By providing these pieces to the design community, the industry will bridge the gap between design and manufacturing, and once again deliver high-yielding chips.
As more device designs use sub-100-nm processes, high-speed I/O, and other advanced technologies, semiconductor test must not only test the resulting devices, but also reinvent itself. Today, manufacturers make most test decisions on an individual-device basis, typically employing a go/no-go choice. Test can no longer function as simply that type of decision node. Rather, it must become a decision and information node that helps maintain cost-effective, high-yielding processes. The solution relies in part on greater coordination of DFT and BIST strategies, as well as an increased focus on the impact that process variations have on design performance through DFM.
One example is in the area of IP for high-speed I/O that supports protocols such as PCI Express. Most of these implementations have BIST integrated into the physical layer and require significant design characterization before volume production. However, the nature of these designs and their operating speed make it possible for slight process variations to affect jitter content and have a major impact on I/O performance.
Through new, innovative offerings such as adaptive loop-back test technology, ATE providers will enable the cost-effective use of encapsulated test IP. Such IP will provide a fast ramp into volume production without compromising characterization. These offerings will provide full characterization of high-speed I/Os with or without using BIST, and will scale to a broad range of production test needs, such as tools for single- or multi-lane designs.
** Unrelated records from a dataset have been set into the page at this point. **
(* Let $U\in\mathscr P_{++}$ with $U^\theta\in\mathbb{SO}_+$, and let $J_t=\mathbb E[\int_t^\infty U_s^\theta ds\mid\mathcal F_t]$. Let $W$ be the unique solution associated to $(h_{EZ},U)$ for which there exist constants $0<c_1\le c_2<\infty$ with $c_1J\le W\le c_2J$ (such a solution exists). Then $W$ is the maximal solution associated to $(h_{EZ},U)$.
   Context: Work on a filtered probability space $(\Omega,\mathcal F,(\mathcal F_t)_{t\ge0},\mathbb P)$ with complete continuous filtration and trivial $\mathcal F_0$. $\mathscr P_+$ (resp. $\mathscr P_{++}$) denotes nonnegative (resp. strictly positive) progressively measurable processes. $\theta>1$ is fixed and $\rho=\frac{\theta-1}{\theta}$; $h_{EZ}(u,w)=uw^\rho$. For $U\in\mathscr P_+$, a solution associated to $(h_{EZ},U)$ is a nonnegative càdlàg progressively measurable $W$ with $\mathbb E\int_0^\infty U_sW_s^\rho ds<\infty$ and $W_t=\mathbb E[\int_t^\infty U_sW_s^\rho ds\mid\mathcal F_t]$ for all $t\ge0$; it is maximal if $W\ge W'$ for every such solution $W'$. For $X\in\mathscr P_+$, $J^X_t=\mathbb E[\int_t^\infty X_sds\mid\mathcal F_t]$; $\mathbb{SO}$ is the set of $X\in\mathscr P_{++}$ with $\mathbb E\int_0^\infty X_tdt<\infty$ and $kJ^X\le X\le KJ^X$ for constants $0<k\le K<\infty$; $\mathbb{SO}_\nu$ ($\nu\ge0$) the set of $X\in\mathbb{SO}$ with $(e^{\nu t}X_t)_{t\ge0}\in\mathbb{SO}$; $\mathbb{SO}_+=\bigcup_{\nu>0}\mathbb{SO}_\nu$. *)

theory Defs
  imports "HOL-Probability.Probability"
begin

text \<open>Standing assumptions: a filtered probability space (M, (F t)_{t \<ge> 0}) with a
complete, continuous (right- and left-continuous) filtration and trivial F 0.
Processes are functions real \<Rightarrow> 'a \<Rightarrow> real; only times t \<ge> 0 matter.\<close>

definition filtered_prob_space :: "'a measure \<Rightarrow> (real \<Rightarrow> 'a measure) \<Rightarrow> bool" where
  "filtered_prob_space M F \<longleftrightarrow>
     prob_space M
   \<and> (\<forall>t\<ge>0. subalgebra M (F t))
   \<and> (\<forall>s t. 0 \<le> s \<longrightarrow> s \<le> t \<longrightarrow> sets (F s) \<subseteq> sets (F t))
   \<comment> \<open>completeness: every subset of a null set belongs to F 0\<close>
   \<and> (\<forall>N\<in>null_sets M. \<forall>A. A \<subseteq> N \<longrightarrow> A \<in> sets (F 0))
   \<comment> \<open>right-continuity\<close>
   \<and> (\<forall>t\<ge>0. sets (F t) = (\<Inter>s\<in>{t<..}. sets (F s)))
   \<comment> \<open>left-continuity\<close>
   \<and> (\<forall>t>0. sets (F t) = sigma_sets (space M) (\<Union>s\<in>{0..<t}. sets (F s)))
   \<comment> \<open>trivial F 0\<close>
   \<and> (\<forall>A\<in>sets (F 0). measure M A = 0 \<or> measure M A = 1)"

definition prog_measurable :: "'a measure \<Rightarrow> (real \<Rightarrow> 'a measure) \<Rightarrow> (real \<Rightarrow> 'a \<Rightarrow> real) \<Rightarrow> bool" where
  "prog_measurable M F X \<longleftrightarrow>
     (\<forall>t\<ge>0. (\<lambda>(s, \<omega>). X s \<omega>) \<in> (restrict_space borel {0..t} \<Otimes>\<^sub>M F t) \<rightarrow>\<^sub>M borel)"

definition P_plus :: "'a measure \<Rightarrow> (real \<Rightarrow> 'a measure) \<Rightarrow> (real \<Rightarrow> 'a \<Rightarrow> real) \<Rightarrow> bool" where
  "P_plus M F X \<longleftrightarrow> prog_measurable M F X \<and> (\<forall>t\<ge>0. \<forall>\<omega>\<in>space M. 0 \<le> X t \<omega>)"

definition P_pplus :: "'a measure \<Rightarrow> (real \<Rightarrow> 'a measure) \<Rightarrow> (real \<Rightarrow> 'a \<Rightarrow> real) \<Rightarrow> bool" where
  "P_pplus M F X \<longleftrightarrow> prog_measurable M F X \<and> (\<forall>t\<ge>0. \<forall>\<omega>\<in>space M. 0 < X t \<omega>)"

definition cadlag :: "'a measure \<Rightarrow> (real \<Rightarrow> 'a \<Rightarrow> real) \<Rightarrow> bool" where
  "cadlag M X \<longleftrightarrow> (\<forall>\<omega>\<in>space M. \<forall>t\<ge>0.
      continuous (at_right t) (\<lambda>s. X s \<omega>) \<and>
      (t > 0 \<longrightarrow> (\<exists>l. ((\<lambda>s. X s \<omega>) \<longlongrightarrow> l) (at_left t))))"

definition Jproc :: "'a measure \<Rightarrow> (real \<Rightarrow> 'a measure) \<Rightarrow> (real \<Rightarrow> 'a \<Rightarrow> real) \<Rightarrow> real \<Rightarrow> 'a \<Rightarrow> ennreal" where
  "Jproc M F X t = nn_cond_exp M (F t) (\<lambda>\<omega>. \<integral>\<^sup>+ s. indicator {t..} s * ennreal (X s \<omega>) \<partial>lborel)"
In addition, enhanced on/off test and data collection capabilities will enable the capture of critical performance data, which can then feed back into production management systems to maintain yield levels and improve the DFM of future devices.
This is just one example of how semiconductor test will adapt to enhance the use of DFT and DFM techniques. New test requirements will continue to advance in line with device complexity, and test must continuously evolve to fulfill its new role as a key information node that helps maintain cost-effective, high-yielding processes.